» **About this task**
Return exactly and only these lines: the first of the listing through the one containing "unfolding S_def poly_sum".

____

lemma lagrange_basis_left_inverse:
  fixes L :: "nat \<Rightarrow> 'a::field poly"
  assumes "inj_on y {..M}"
    and deg_L: "\<And>c. c \<le> M \<Longrightarrow> degree (L c) \<le> M"
    and L_nodes: "\<And>r c. r \<le> M \<Longrightarrow> c \<le> M \<Longrightarrow> poly (L c) (y r) = (if r = c then 1 else 0)"
    and "r \<le> M" "c \<le> M"
  shows "(\<Sum>k\<le>M. coeff (L k) r * y k ^ c) = (if r = c then 1 else 0)"
proof -
  define S where "S = (\<Sum>k\<le>M. smult (y k ^ c) (L k))"
  have "S = monom 1 c"
  proof (rule poly_eqI_degree[of "y ` {..M}"])
    show "poly S x = poly (monom 1 c) x" if x: "x \<in> y ` {..M}" for x
    proof -
      obtain s where s: "s \<le> M" "x = y s" using x by auto
      have "poly S x = (\<Sum>k\<le>M. if k = s then y k ^ c else 0)"
        unfolding S_def poly_sum poly_smult using s L_nodes by (intro sum.cong) auto
      then show ?thesis using s by (simp add: poly_monom)
    qed
    have "degree S \<le> M"
      unfolding S_def using deg_L by (intro degree_sum_le) (auto intro: order.trans[OF degree_smult_le])
    moreover have "card (y ` {..M}) = Suc M"
      using assms(1) by (simp add: card_image)
    ultimately show "degree S < card (y ` {..M})" "degree (monom 1 c) < card (y ` {..M})"
      using \<open>c \<le> M\<close> by (auto intro: le_less_trans[OF degree_monom_le])
  qed
  moreover have "(\<Sum>k\<le>M. coeff (L k) r * y k ^ c) = coeff S r"
    by (simp add: S_def coeff_sum mult.commute)
  ultimately show ?thesis by (simp add: coeff_monom)
qed

lemma vand_inverse_exists: "\<exists>W. vand_inverse Mm Mp W"
proof -
  define M where "M = nat (Mm + Mp)"
  define y where "y r = real_of_int (int r - Mm)" for r
  have inj: "inj_on y {..M}" by (auto simp: y_def inj_on_def)
  then obtain L where deg_L: "\<And>c. c \<le> M \<Longrightarrow> degree (L c) \<le> M"
    and L_nodes: "\<And>r c. r \<le> M \<Longrightarrow> c \<le> M \<Longrightarrow> poly (L c) (y r) = (if r = c then 1 else 0)"
    by (rule lagrange_basis_exists) blast
  define W where "W k c = (if k \<le> M \<and> c \<le> M then coeff (L c) k else 0)" for k c
  have vand_y: "vand Mm Mp r c = y r ^ c" for r c by (simp add: vand_def y_def)
  have "(\<Sum>k\<le>M. vand Mm Mp r k * W k c) = (\<Sum>k\<le>M. y r ^ k * coeff (L c) k)"
    and "(\<Sum>k\<le>M. W r k * vand Mm Mp k c) = (\<Sum>k\<le>M. coeff (L k) r * y k ^ c)"
    if "r \<le> M" "c \<le> M" for r c
    using that by (auto simp: W_def vand_y intro!: sum.cong)
  then have "vand_inverse Mm Mp W"
    using lagrange_basis_right_inverse[OF deg_L L_nodes] lagrange_basis_left_inverse[OF inj deg_L L_nodes]
    unfolding vand_inverse_def M_def[symmetric] by (auto simp: W_def)
  then show ?thesis by blast
qed

lemma left_inverse_eq_right_inverse:
  fixes V W W' :: "nat \<Rightarrow> nat \<Rightarrow> 'a::comm_semiring_1"
  assumes left: "\<And>r c. r \<le> M \<Longrightarrow> c \<le> M \<Longrightarrow> (\<Sum>k\<le>M. W r k * V k c) = (if r = c then 1 else 0)"
    and right: "\<And>r c. r \<le> M \<Longrightarrow> c \<le> M \<Longrightarrow> (\<Sum>k\<le>M. V r k * W' k c) = (if r = c then 1 else 0)"
    and "r \<le> M" "c \<le> M"
  shows "W r c = W' r c"
proof -
  have "W r c = (\<Sum>k\<le>M. W r k * (\<Sum>j\<le>M. V k j * W' j c))"
    using assms(4) by (simp add: right if_distrib cong: if_cong)
  also have "\<dots> = (\<Sum>j\<le>M. (\<Sum>k\<le>M. W r k * V k j) * W' j c)"
    unfolding sum_distrib_left sum_distrib_right mult.assoc by (rule sum.swap)
  also have "\<dots> = W' r c"
    using assms(3) by (simp add: left if_distrib[of "\<lambda>x. x * W' _ c"] cong: if_cong)
  finally show ?thesis .
qed

lemma vand_inverse_unique:
  assumes W: "vand_inverse Mm Mp W" and W': "vand_inverse Mm Mp W'"
  shows "W = W'"
proof (intro ext)
  fix r c
  show "W r c = W' r c"
  proof (cases "r \<le> nat (Mm + Mp) \<and> c \<le> nat (Mm + Mp)")
    case True
    then show ?thesis
      using W W' unfolding vand_inverse_def
      by (intro left_inverse_eq_right_inverse[of "nat (Mm + Mp)" W "vand Mm Mp" W']) auto
  next
    case False
    then show ?thesis using W W' unfolding vand_inverse_def by auto
  qed
qed

lemma vand_inverse_vand_inv: "vand_inverse Mm Mp (vand_inv Mm Mp)"
  unfolding vand_inv_def vand_inverse_def[symmetric]
  by (rule theI'[of "vand_inverse Mm Mp"]) (use vand_inverse_exists vand_inverse_unique in blast)

lemma vand_inv_vand:
  assumes "r \<le> nat (Mm + Mp)" "c \<le> nat (Mm + Mp)"
  shows "(\<Sum>k\<le>nat (Mm + Mp). vand_inv Mm Mp r k * vand Mm Mp k c) = (if r = c then 1 else 0)"
  using vand_inverse_vand_inv[of Mm Mp] assms unfolding vand_inverse_def by blast

lemma coeff_eq_vand_inv_sum:
  fixes q :: "real poly"
  assumes "Mm + Mp \<ge> 0" "degree q \<le> nat (Mm + Mp)" "j \<le> nat (Mm + Mp)"
  shows "coeff q j = (\<Sum>l = -Mm..Mp. vand_inv Mm Mp j (nat (l + Mm)) * poly q (of_int l))"
proof -
  define M where "M = nat (Mm + Mp)"
  define W where "W = vand_inv Mm Mp"
  have "(\<Sum>l = -Mm..Mp. W j (nat (l + Mm)) * poly q (of_int l))
      = (\<Sum>r\<le>M. W j r * poly q (of_int (int r - Mm)))"
    by (rule sum.reindex_bij_witness[where i="\<lambda>r. int r - Mm" and j="\<lambda>l. nat (l + Mm)"])
       (use assms(1) in \<open>auto simp: M_def\<close>)
  also have "\<dots> = (\<Sum>r\<le>M. W j r * (\<Sum>k\<le>M. vand Mm Mp r k * coeff q k))"
    using poly_eq_sum_lessThan[of q "Suc M"] assms(2)
    by (simp add: M_def vand_def lessThan_Suc_atMost mult.commute)
  also have "\<dots> = (\<Sum>k\<le>M. (\<Sum>r\<le>M. W j r * vand Mm Mp r k) * coeff q k)"
    unfolding sum_distrib_left sum_distrib_right mult.assoc by (rule sum.swap)
  also have "\<dots> = (\<Sum>k\<le>M. (if j = k then 1 else 0) * coeff q k)"
    using assms(3) by (intro sum.cong) (simp_all add: vand_inv_vand W_def M_def)
  also have "\<dots> = coeff q j"
    using assms(3) by (simp add: M_def if_distrib[of "\<lambda>x. x * _"] cong: if_cong)
  finally show ?thesis by (simp add: W_def)
qed

lemma sum_alpha_f:
  "(\<Sum>l = -Mm..Mp. alpha_f Mm Mp l \<xi> * g l)
     = (\<Sum>m\<le>nat (Mm + Mp). (\<Sum>l = -Mm..Mp. vand_inv Mm Mp m (nat (l + Mm)) * g l) * \<xi> ^ m)"
  unfolding alpha_f_def sum_distrib_left sum_distrib_right
  by (subst sum.swap) (simp add: algebra_simps)

lemma sum_alpha_h:
  "(\<Sum>l = -Mm..Mp. alpha_h Mm Mp l \<xi> * g l)
     = (\<Sum>m\<le>nat (Mm + Mp). (\<Sum>k\<le>(nat (Mm + Mp) - m) div 2. tau k * fact (m + 2*k) / fact m
          * (\<Sum>l = -Mm..Mp. vand_inv Mm Mp (m + 2*k) (nat (l + Mm)) * g l)) * \<xi> ^ m)"
  unfolding alpha_h_def sum_distrib_left sum_distrib_right
  by (subst sum.swap, rule sum.cong[OF refl], subst sum.swap) (simp add: algebra_simps)
lemma lambda_factor_component_P3:
  assumes "lambda_factor V E F" "C \<in> components V F"
  shows "is_P3 C {e \<in> F. e \<subseteq> C}"
  using assms unfolding lambda_factor_def components_def by blast

lemma two_one_card:
  "two_one F A B C \<Longrightarrow> card (C \<inter> A) = 2"
  "two_one F A B C \<Longrightarrow> card (C \<inter> B) = 1"
  unfolding two_one_def by simp_all

lemma two_one_exclusive: "\<not> (two_one F A B C \<and> two_one F B A C)"
  using two_one_card(1)[of F A B C] two_one_card(2)[of F B A C] by auto

locale crossing_factor =
  fixes V A B :: "'a set" and E F X :: "'a set set"
  assumes factor: "lambda_factor V E F"
    and finite_V: "finite V"
    and sides: "V = A \<union> B" "A \<inter> B = {}"
    and edge_sides: "\<And>e. e \<in> E \<Longrightarrow> e \<subseteq> A \<or> e \<subseteq> B \<or> e \<in> X"
    and cross_edge: "\<And>e. e \<in> X \<Longrightarrow> \<exists>u w. e = {u, w} \<and> u \<in> A \<and> w \<in> B"
    and matching: "pairwise disjnt X"
begin

lemma factor_edge_sides: "e \<in> F \<Longrightarrow> e \<subseteq> A \<or> e \<subseteq> B \<or> e \<in> X"
  using factor edge_sides unfolding lambda_factor_def by blast

lemma path_through_cross_edge:
  assumes d: "x \<noteq> y" "y \<noteq> z" "x \<noteq> z" and xy: "{x, y} \<in> X" and yz: "{y, z} \<in> F"
  shows "two_one F A B {x, y, z} \<or> two_one F B A {x, y, z}"
proof -
  have "{y, z} \<notin> X"
    using matching xy d unfolding pairwise_def disjnt_def by (metis doubleton_eq_iff insert_disjoint(2) insertI1)
  then have yz_side: "{y, z} \<subseteq> A \<or> {y, z} \<subseteq> B" using factor_edge_sides yz by blast
  obtain u w where uw: "{x, y} = {u, w}" "u \<in> A" "w \<in> B" using cross_edge xy by blast
  show ?thesis
  proof (cases "y \<in> A")
    case True
    then have "{x, y, z} \<inter> A = {y, z}" "{x, y, z} \<inter> B = {x}"
      using uw yz_side sides(2) by (auto simp: doubleton_eq_iff)
    then show ?thesis using yz d by (simp add: two_one_def)
  next
    case False
    then have "{x, y, z} \<inter> B = {y, z}" "{x, y, z} \<inter> A = {x}"
      using uw yz_side sides(2) by (auto simp: doubleton_eq_iff)
    then show ?thesis using yz d by (simp add: two_one_def)
  qed
qed

lemma sub_comp_two_one:
  assumes "C \<in> sub_comps V F X"
  shows "two_one F A B C \<or> two_one F B A C"
proof -
  obtain e where C: "C \<in> components V F" and e: "e \<in> X" "e \<in> F" "e \<subseteq> C"
    using assms unfolding sub_comps_def by blast
  obtain x y z where d: "x \<noteq> y" "y \<noteq> z" "x \<noteq> z" and C_eq: "C = {x, y, z}"
    and edges: "{e \<in> F. e \<subseteq> C} = {{x, y}, {y, z}}"
    using lambda_factor_component_P3[OF factor C] unfolding is_P3_def by blast
  have xy: "{x, y} \<in> F" and yz: "{y, z} \<in> F" using edges by blast+
  have "e = {x, y} \<or> e = {y, z}" using e edges by blast
  then show ?thesis
  proof
    assume "e = {x, y}"
    then show ?thesis using path_through_cross_edge[OF d] e yz C_eq by simp
  next
    assume "e = {y, z}"
    then have "two_one F A B {z, y, x} \<or> two_one F B A {z, y, x}"
      using path_through_cross_edge[of z y x] d e xy by (simp add: insert_commute)
    then show ?thesis using C_eq by (simp add: insert_commute)
  qed
qed

lemma three_dvd_card_other_comp:
  assumes "C \<in> components V F - sub_comps V F X"
  shows "3 dvd card (C \<inter> A)"
proof -
  obtain x y z where d: "x \<noteq> y" "y \<noteq> z" "x \<noteq> z" and C_eq: "C = {x, y, z}"
    and edges: "{e \<in> F. e \<subseteq> C} = {{x, y}, {y, z}}"
    using assms lambda_factor_component_P3[OF factor] unfolding is_P3_def by blast
  have xy: "{x, y} \<in> F" and yz: "{y, z} \<in> F" using edges by blast+
  have no_cross: "\<not> (\<exists>e\<in>X. e \<in> F \<and> e \<subseteq> C)" using assms unfolding sub_comps_def by blast
  have "{x, y} \<subseteq> A \<or> {x, y} \<subseteq> B" using factor_edge_sides[OF xy] no_cross xy C_eq by blast
  moreover have "{y, z} \<subseteq> A \<or> {y, z} \<subseteq> B" using factor_edge_sides[OF yz] no_cross yz C_eq by blast
  ultimately have "C \<inter> A = C \<or> C \<inter> A = {}" using sides(2) C_eq by auto
  then show ?thesis
  proof
    assume "C \<inter> A = C"
    then have "card (C \<inter> A) = 3" using C_eq d by (simp add: eval_nat_numeral)
    then show ?thesis by simp
  qed simp
qed

lemma card_side_mod_3:
  "card A mod 3 =
    (2 * card {C \<in> sub_comps V F X. two_one F A B C} + card {C \<in> sub_comps V F X. two_one F B A C}) mod 3"
proof -
  let ?comps = "components V F" and ?P' = "sub_comps V F X" and ?c = "\<lambda>C. card (C \<inter> A)"
  let ?P1 = "{C \<in> ?P'. two_one F A B C}" and ?P2 = "{C \<in> ?P'. two_one F B A C}"
  have fin: "finite ?comps" using finite_V by (simp add: components_eq_image)
  have P'_sub: "?P' \<subseteq> ?comps" unfolding sub_comps_def by blast
  have fin12: "finite ?P1" "finite ?P2" using finite_subset[OF P'_sub fin] by simp_all
  have P'_split: "?P' = ?P1 \<union> ?P2" by (auto dest: sub_comp_two_one)
  have P12_disj: "?P1 \<inter> ?P2 = {}" using two_one_exclusive by blast
  have "sum ?c ?P' = sum ?c (?P1 \<union> ?P2)" using P'_split by (rule arg_cong)
  also have "\<dots> = sum ?c ?P1 + sum ?c ?P2" by (rule sum.union_disjoint[OF fin12 P12_disj])
  also have "sum ?c ?P1 = (\<Sum>C\<in>?P1. 2)" by (rule sum.cong) (auto dest: two_one_card(1))
  also have "sum ?c ?P2 = (\<Sum>C\<in>?P2. 1)" by (rule sum.cong) (auto dest: two_one_card(2))
  finally have P'_sum: "sum ?c ?P' = 2 * card ?P1 + card ?P2" by simp
  have "3 dvd sum ?c (?comps - ?P')" by (rule dvd_sum) (rule three_dvd_card_other_comp)
  then obtain k where rest: "sum ?c (?comps - ?P') = 3 * k" by blast
  have "card A = sum ?c ?comps"
    by (rule card_eq_sum_components[OF finite_V]) (use sides(1) in blast)
  also have "\<dots> = sum ?c (?comps - ?P') + sum ?c ?P'" by (rule sum.subset_diff[OF P'_sub fin])
  finally show ?thesis using rest P'_sum by simp
qed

____

» **Expected answer**
lemma lagrange_basis_left_inverse:
  fixes L :: "nat \<Rightarrow> 'a::field poly"
  assumes "inj_on y {..M}"
    and deg_L: "\<And>c. c \<le> M \<Longrightarrow> degree (L c) \<le> M"
    and L_nodes: "\<And>r c. r \<le> M \<Longrightarrow> c \<le> M \<Longrightarrow> poly (L c) (y r) = (if r = c then 1 else 0)"
    and "r \<le> M" "c \<le> M"
  shows "(\<Sum>k\<le>M. coeff (L k) r * y k ^ c) = (if r = c then 1 else 0)"
proof -
  define S where "S = (\<Sum>k\<le>M. smult (y k ^ c) (L k))"
  have "S = monom 1 c"
  proof (rule poly_eqI_degree[of "y ` {..M}"])
    show "poly S x = poly (monom 1 c) x" if x: "x \<in> y ` {..M}" for x
    proof -
      obtain s where s: "s \<le> M" "x = y s" using x by auto
      have "poly S x = (\<Sum>k\<le>M. if k = s then y k ^ c else 0)"
        unfolding S_def poly_sum poly_smult using s L_nodes by (intro sum.cong) auto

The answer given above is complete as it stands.